Task statement | In the records that come next, find every line with "unfolding". Return those lines.

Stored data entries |
=== Begin Enclosure ===

lemma emeasure_annulus:
  assumes "0 \<le> a"
  shows "emeasure \<mu> (annulus \<beta> a c) =
    (\<integral>\<^sup>+u. ennreal (indicator {a<..c} u * radial_intensity lam q \<beta> u) \<partial>lborel)"
proof -
  define g where "g u = indicator {a<..c} u * ennreal (lam * (if \<beta> then q u else 1 - q u))" for u
  have [measurable]: "g \<in> borel_measurable borel"
    unfolding g_def by measurable
  have "emeasure \<mu> (annulus \<beta> a c) = (\<integral>\<^sup>+x. g (norm (x :: pt)) \<partial>lborel)"
    unfolding emeasure_marked_intensity[OF q_measurable annulus_in_mark_space]
    by (intro nn_integral_cong) (auto simp: g_def annulus_def indicator_def)
  also have "\<dots> = (\<integral>\<^sup>+u. indicator {0..} u * ennreal (2 * pi * u) * g u \<partial>lborel)"
    by (simp add: nn_integral_radial_plane)
  also have "\<dots> = (\<integral>\<^sup>+u. ennreal (indicator {a<..c} u * radial_intensity lam q \<beta> u) \<partial>lborel)"
  proof (intro nn_integral_cong)
    fix u :: real
    show "indicator {0..} u * ennreal (2 * pi * u) * g u =
        ennreal (indicator {a<..c} u * radial_intensity lam q \<beta> u)"
      using assms by (cases "u \<in> {a<..c}")
        (auto simp: g_def radial_intensity_def ennreal_mult''[symmetric] mult_ac)
  qed
  finally show ?thesis .
qed

lemma measure_annulus:
  assumes "0 \<le> a"
  shows "emeasure \<mu> (annulus \<beta> a c) < \<infinity>"
  and "a \<le> c \<Longrightarrow> measure \<mu> (annulus \<beta> a c) = radial_mass lam q \<beta> c - radial_mass lam q \<beta> a"
proof -
  have int: "set_integrable lborel {a<..c} (radial_intensity lam q \<beta>)"
    using set_integrable_radial_intensity[OF assms] by (rule set_integrable_subset) auto
  have nonneg: "AE u in lborel. 0 \<le> indicator {a<..c} u * radial_intensity lam q \<beta> u"
    using assms radial_intensity_bounds by (auto simp: indicator_def intro!: AE_I2)
  have eq: "emeasure \<mu> (annulus \<beta> a c) = ennreal (LINT u:{a<..c}|lborel. radial_intensity lam q \<beta> u)"
    using int nonneg unfolding emeasure_annulus[OF assms] set_lebesgue_integral_def set_integrable_def
    by (simp add: nn_integral_eq_integral)
  then show "emeasure \<mu> (annulus \<beta> a c) < \<infinity>"
    by simp
  assume "a \<le> c"
  have "0 \<le> (LINT u:{a<..c}|lborel. radial_intensity lam q \<beta> u)"
    using nonneg unfolding set_lebesgue_integral_def by (simp add: integral_nonneg_AE)
  with eq have "measure \<mu> (annulus \<beta> a c) = (LINT u:{a<..c}|lborel. radial_intensity lam q \<beta> u)"
    by (simp add: measure_def)
  also have "\<dots> = radial_mass lam q \<beta> c - radial_mass lam q \<beta> a"
    unfolding radial_mass_def using assms \<open>a \<le> c\<close>
    by (intro set_integral_Ioc_eq_diff set_integrable_radial_intensity) auto
  finally show "measure \<mu> (annulus \<beta> a c) = radial_mass lam q \<beta> c - radial_mass lam q \<beta> a" .
qed
lemma card_digit_count_eq:
  assumes "k < d"
  shows "card {x. x < d ^ n \<and> digit_count d k n x = j} = (n choose j) * (d - 1) ^ (n - j)"
  using assms
proof (induction n arbitrary: j)
  case 0 then show ?case by (cases j) (auto simp: card_eq_0_iff)
next
  case (Suc n)
  let ?A = "\<lambda>j. card {x. x < d ^ n \<and> digit_count d k n x = j}"
  let ?A' = "card {x. x < d ^ n \<and> digit_count d k n x + 1 = j}"
  have "card {x. x < d ^ Suc n \<and> digit_count d k (Suc n) x = j}
      = (\<Sum>a<d. \<Sum>b<d ^ n. if (if a = k then 1 else 0) + digit_count d k n b = j then 1 else 0)"
    using Suc.prems by (simp add: card_filter_lessThan sum_mult_product mult.commute)
  also have "\<dots> = (\<Sum>a<d. if a = k then ?A' else ?A j)"
    by (intro sum.cong refl) (auto simp: card_filter_lessThan)
  also have "\<dots> = ?A' + (d - 1) * ?A j"
    using Suc.prems by (simp add: sum.remove[of "{..<d}" k] card_Diff_singleton)
  also have "\<dots> = (Suc n choose j) * (d - 1) ^ (Suc n - j)"
  proof (cases j)
    case 0
    then show ?thesis using Suc.IH[of 0] Suc.prems by simp
  next
    case (Suc j')
    then have A': "?A' = ?A j'" by simp
    show ?thesis
    proof (cases "j' < n")
      case True
      then have "(d - 1) * (d - 1) ^ (n - Suc j') = (d - 1) ^ (n - j')"
        by (metis Suc_diff_Suc power_Suc)
      then show ?thesis using Suc A' Suc.IH[of j'] Suc.IH[of "Suc j'"] Suc.prems
        by (simp add: add_mult_distrib add_mult_distrib2 mult.assoc mult.left_commute)
    qed (use Suc A' Suc.IH[of j'] Suc.IH[of "Suc j'"] Suc.prems in simp)
  qed
  finally show ?case .
qed

lemma norm_phase [simp]: "norm (phase \<theta> k) = 1"
  by (simp add: phase_def)

lemma norm_digit_phase: "norm (digit_phase d \<theta> n x) = 1"
  by (induction n arbitrary: x) (simp_all add: norm_mult)

lemma digit_phase_eq_prod:
  "x < d ^ n \<Longrightarrow> digit_phase d \<theta> n x = (\<Prod>k<d. phase \<theta> k ^ digit_count d k n x)"
proof (induction n arbitrary: x)
  case (Suc n)
  define h where "h = x div d ^ n"
  have h: "h < d" using Suc.prems by (simp add: h_def leading_digit_less)
  have "(\<Prod>k<d. phase \<theta> k ^ digit_count d k (Suc n) x)
      = (\<Prod>k<d. (if k = h then phase \<theta> k else 1) * phase \<theta> k ^ digit_count d k n (x mod d ^ n))"
    by (intro prod.cong) (auto simp: h_def power_add)
  also have "\<dots> = phase \<theta> h * (\<Prod>k<d. phase \<theta> k ^ digit_count d k n (x mod d ^ n))"
    by (simp add: prod.distrib h)
  finally show ?case using Suc.IH[of "x mod d ^ n"] h by (simp add: h_def gr0I)
qed simp

lemma digit_phase_shift:
  assumes "x < d ^ N" and "z < d ^ M"
    and counts: "\<And>k. k < d \<Longrightarrow> digit_count d k N x + s = digit_count d k M z"
  shows "cnj (digit_phase d \<theta> M z) * digit_phase d \<theta> N x = cnj (\<Prod>k<d. phase \<theta> k ^ s)"
proof -
  have "digit_phase d \<theta> M z = (\<Prod>k<d. phase \<theta> k ^ (digit_count d k N x + s))"
    using assms(2) counts by (simp add: digit_phase_eq_prod)
  also have "\<dots> = digit_phase d \<theta> N x * (\<Prod>k<d. phase \<theta> k ^ s)"
    using assms(1) by (simp add: digit_phase_eq_prod power_add prod.distrib)
  finally have "cnj (digit_phase d \<theta> M z) * digit_phase d \<theta> N x
      = (digit_phase d \<theta> N x * cnj (digit_phase d \<theta> N x)) * cnj (\<Prod>k<d. phase \<theta> k ^ s)"
    by (simp add: mult_ac)
  also have "digit_phase d \<theta> N x * cnj (digit_phase d \<theta> N x) = 1"
    by (simp flip: complex_norm_square add: norm_digit_phase)
  finally show ?thesis by simp
qed

lemma card_digit_count_less_eq_binomial:
  assumes "k < d"
  shows "real (card {z. z < d ^ M \<and> digit_count d k M z < s}) / real d ^ M
       = measure_pmf.prob (binomial_pmf M (1 / real d)) {..<s}"
proof -
  have p: "1 / real d \<in> {0..1}" using assms by simp
  have "card {z. z < d ^ M \<and> digit_count d k M z < s}
      = card (\<Union>j<s. {z. z < d ^ M \<and> digit_count d k M z = j})"
    by (rule arg_cong[where f = card]) auto
  also have "\<dots> = (\<Sum>j<s. card {z. z < d ^ M \<and> digit_count d k M z = j})"
    by (rule card_UN_disjoint) auto
  also have "\<dots> = (\<Sum>j<s. (M choose j) * (d - 1) ^ (M - j))"
    using card_digit_count_eq[OF assms] by simp
  finally have "real (card {z. z < d ^ M \<and> digit_count d k M z < s}) / real d ^ M
      = (\<Sum>j<s. real (M choose j) * real (d - 1) ^ (M - j) / real d ^ M)"
    by (simp add: sum_divide_distrib)
  also have "\<dots> = (\<Sum>j<s. pmf (binomial_pmf M (1 / real d)) j)"
  proof (intro sum.cong refl)
    fix j
    show "real (M choose j) * real (d - 1) ^ (M - j) / real d ^ M = pmf (binomial_pmf M (1 / real d)) j"
    proof (cases "j \<le> M")
      case True
      have "1 - 1 / real d = real (d - 1) / real d"
        using assms by (simp add: field_simps of_nat_diff)
      then have "pmf (binomial_pmf M (1 / real d)) j
          = real (M choose j) * real (d - 1) ^ (M - j) / (real d ^ j * real d ^ (M - j))"
        using p by (simp add: power_divide)
      also have "real d ^ j * real d ^ (M - j) = real d ^ M"
        using True by (simp flip: power_add)
      finally show ?thesis by simp
    next
      case False
      then show ?thesis using p by (simp add: binomial_eq_0)
    qed
  qed
  also have "\<dots> = measure_pmf.prob (binomial_pmf M (1 / real d)) {..<s}"
    by (simp add: measure_measure_pmf_finite)
  finally show ?thesis .
qed

lemma card_digit_count_less_le_exp:
  assumes "k < d" and "0 < M" and "0 \<le> t" and "real s \<le> real M / real d - t"
  shows "real (card {z. z < d ^ M \<and> digit_count d k M z < s}) / real d ^ M
       \<le> exp (- 2 * t\<^sup>2 / real M)"
proof -
  have "{..<s} \<subseteq> {x. real x \<le> real M * (1 / real d) - t}" using assms(4) by auto
  then have "measure_pmf.prob (binomial_pmf M (1 / real d)) {..<s}
      \<le> measure_pmf.prob (binomial_pmf M (1 / real d)) {x. real x \<le> real M * (1 / real d) - t}"
    by (rule measure_pmf.finite_measure_mono) simp
  also have "\<dots> \<le> exp (- 2 * t\<^sup>2 / real M)"
    using assms by (intro binomial_distribution.prob_le) (auto simp: binomial_distribution_def)
  finally show ?thesis by (simp add: card_digit_count_less_eq_binomial[OF assms(1)])
qed

definition all_digits_frequent :: "nat \<Rightarrow> nat \<Rightarrow> nat \<Rightarrow> nat set" where
  "all_digits_frequent d M s = {z. z < d ^ M \<and> (\<forall>k<d. s \<le> digit_count d k M z)}"

lemma all_digits_frequent_nonempty:
  assumes "0 < d"
  shows "all_digits_frequent d (N + d * s) s \<noteq> {}"
proof -
  have "(\<Sum>k<d. s + (if k = 0 then N else 0)) = N + d * s"
    using assms by (simp add: sum.distrib)
  from digit_count_realisable[OF this] show ?thesis
    by (fastforce simp: all_digits_frequent_def)
qed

=== End Enclosure ===

Response box |
    unfolding g_def by measurable
    unfolding emeasure_marked_intensity[OF q_measurable annulus_in_mark_space]
    using int nonneg unfolding emeasure_annulus[OF assms] set_lebesgue_integral_def set_integrable_def
    using nonneg unfolding set_lebesgue_integral_def by (simp add: integral_nonneg_AE)
    unfolding radial_mass_def using assms \<open>a \<le> c\<close>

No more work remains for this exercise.